Über The Notwist möchte man wohlwollend schreiben. Und wie einfach ließe sich in die Elogen einstimmen, zu denen die Feuilletons in den vergangenen Wochen anhoben, ließe sich wortreich beschreiben, wie überaus glaubwürdig und integer sich die Band im korrupten Musikgeschäft bewegt, ließe sich ausführen, wie die oberbayerische Gruppe seit Mitte der Neunziger ein überzeugendes Werk nach dem anderen ersinnt, sich ein ums andere Mal neu erfindet, und ließe sich schließlich schlussfolgern, auch die neue Platte The Devil, You + Me müsse ein Meisterwerk sein.
Allein, so wahr alles vorher Gesagte sein mag, ein Meisterwerk ist The Devil, You + Me leider nicht.

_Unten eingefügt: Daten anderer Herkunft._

theorem mainTheorem3:
  fixes u :: "'i::finite \<Rightarrow> ('i \<Rightarrow> 'b::finite) \<Rightarrow> 's::finite \<Rightarrow> real"
    and p :: "'s \<Rightarrow> ('i \<Rightarrow> 'b) \<Rightarrow> 's \<Rightarrow> 'y::finite \<Rightarrow> real"
    and zlo zhi \<epsilon>0 \<kappa>0 \<delta>bar :: real and n :: nat
    and v :: "real \<Rightarrow> real"
    and \<alpha> :: "real \<Rightarrow> 's \<Rightarrow> 'b \<Rightarrow> real"
    and x :: "real \<Rightarrow> 's \<Rightarrow> 's \<Rightarrow> 'y \<Rightarrow> real"
  assumes game: "sym_stoch_game u p"
    and zlt: "zlo < zhi"
    and kminus: "- kSS u p (-1) < ereal zlo"
    and kplus: "ereal zhi < kSS u p 1"
    and eps0: "\<epsilon>0 > 0"
    and feas: "\<forall>lam\<in>{-1, 1}. PSS_feasible u p lam (v lam) (\<alpha> lam) (x lam)"
    and sep: "\<forall>z\<in>{zlo..zhi}. v (-1) + \<epsilon>0 < z \<and> z < v 1 - \<epsilon>0"
    and kappa: "\<kappa>0 = max (Max {\<bar>x lam s t y\<bar> | lam s t y. lam \<in> {-1, 1}})
                           (Sup {\<bar>z - v lam\<bar> | lam z. lam \<in> {-1, 1} \<and> z \<in> {zlo..zhi}})"
    and nbig: "\<epsilon>0 * (real n - 1) / 2 - 2 * \<kappa>0 * real CARD('s) > 0"
    and dbar: "\<delta>bar < 1"
    and dbar_prop: "\<forall>\<delta>. \<delta>bar \<le> \<delta> \<and> 0 < \<delta> \<and> \<delta> < 1 \<longrightarrow>
                       (real n / 2)^2 * (1 - \<delta>) \<le> real CARD('s) \<and>
                       1 - \<delta>^(n - 1) \<ge> (real n - 1) * (1 - \<delta>) / 2"
  shows "\<forall>lam\<in>{-1, 1}. \<forall>z\<in>{zlo..zhi}. \<forall>\<delta>. \<delta>bar \<le> \<delta> \<and> 0 < \<delta> \<and> \<delta> < 1 \<longrightarrow>
           (\<exists>w :: ('s, 'y) hist \<Rightarrow> real.
              (\<forall>s. SSE_payoff u p n s w \<delta> z) \<and>
              (\<forall>h. length (fst h) = n - 1 \<longrightarrow> lam * w h < lam * z))"
proof (intro ballI allI impI)
  fix lam z \<delta> :: real
  assume lam: "lam \<in> {-1, 1}" and z: "z \<in> {zlo..zhi}" and \<delta>: "\<delta>bar \<le> \<delta> \<and> 0 < \<delta> \<and> \<delta> < 1"
  have fe: "PSS_feasible u p lam (v lam) (\<alpha> lam) (x lam)" using feas lam by (rule bspec)
  have x_le: "\<bar>x lam s t y\<bar> \<le> \<kappa>0" for s t y
    unfolding kappa using abs_le_Max_abs[OF _ lam] by (intro max.coboundedI1) simp
  have bnd: "\<forall>s t y. lam * x lam s t y \<le> \<kappa>0"
  proof (intro allI)
    fix s t y
    have "lam * x lam s t y \<le> \<bar>x lam s t y\<bar>" using lam by auto
    then show "lam * x lam s t y \<le> \<kappa>0" using x_le by (rule order_trans)
  qed
  have "0 \<le> \<kappa>0" using x_le abs_ge_zero order_trans by blast
  have "\<epsilon>0 < lam * (v lam - z)" using sep[rule_format, OF z] lam by auto
  moreover have "(real n - 1) * (1 - \<delta>) / 2 \<le> 1 - \<delta> ^ (n - 1)" using dbar_prop \<delta> by blast
  ultimately have gap: "(1 - \<delta>) * (\<kappa>0 * real CARD('s)) < (1 - \<delta> ^ (n - 1)) * (lam * (v lam - z))"
    using nbig \<open>0 \<le> \<kappa>0\<close> \<delta> by (intro horizon_gap[OF _ _ eps0]) (simp_all add: mult.assoc)
  have cyc: "\<forall>T \<xi> (\<psi> :: 's \<Rightarrow> 'y). \<xi> permutes T \<longrightarrow> lam * (\<Sum>s\<in>T. x lam s (\<xi> s) (\<psi> s)) \<le> 0"
    using fe by (simp add: PSS_feasible_def)
  define w where "w = (\<lambda>h :: ('s, 'y) hist. promised_value \<delta> (v lam) (x lam) z (fst h) (snd h))"
  have "SSE_payoff u p n s w \<delta> z" for s
    unfolding w_def by (rule promise_keeping_SSE_payoff[OF game fe]) (use \<delta> in auto)
  moreover have "lam * w h < lam * z" if "length (fst h) = n - 1" for h
  proof -
    have "(1 - \<delta>) * (\<kappa>0 * real CARD('s)) < (1 - \<delta> ^ length (fst h)) * (lam * (v lam - z))"
      using gap that by simp
    then show ?thesis
      unfolding w_def by (rule promised_value_below_target[OF cyc bnd \<open>0 \<le> \<kappa>0\<close>, rotated 2]) (use \<delta> in auto)
  qed
  ultimately show "\<exists>w. (\<forall>s. SSE_payoff u p n s w \<delta> z) \<and>
                       (\<forall>h. length (fst h) = n - 1 \<longrightarrow> lam * w h < lam * z)"
    by blast
qed

end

Bisher schien jede Notwist-Platte der letzte Schluss dessen zu sein, was derzeit im eigenen Tonuniversum möglich war. Mehr noch, zumindest eine Weile lang klang jedes Album seit 12 wie das Großartigste, was Musiker auf Instrumenten anstellen können. Mit einigen Jahren Abstand veränderten die Platten ihren Charakter, erwiesen sich doch nur als sinnvolle Fortschreibung des vorherigen Albums. Nicht weniger gut, aber viel weniger endgültig. Was folgte, drängte die Grenzen des Universums jedes Mal noch ein bisschen weiter zurück.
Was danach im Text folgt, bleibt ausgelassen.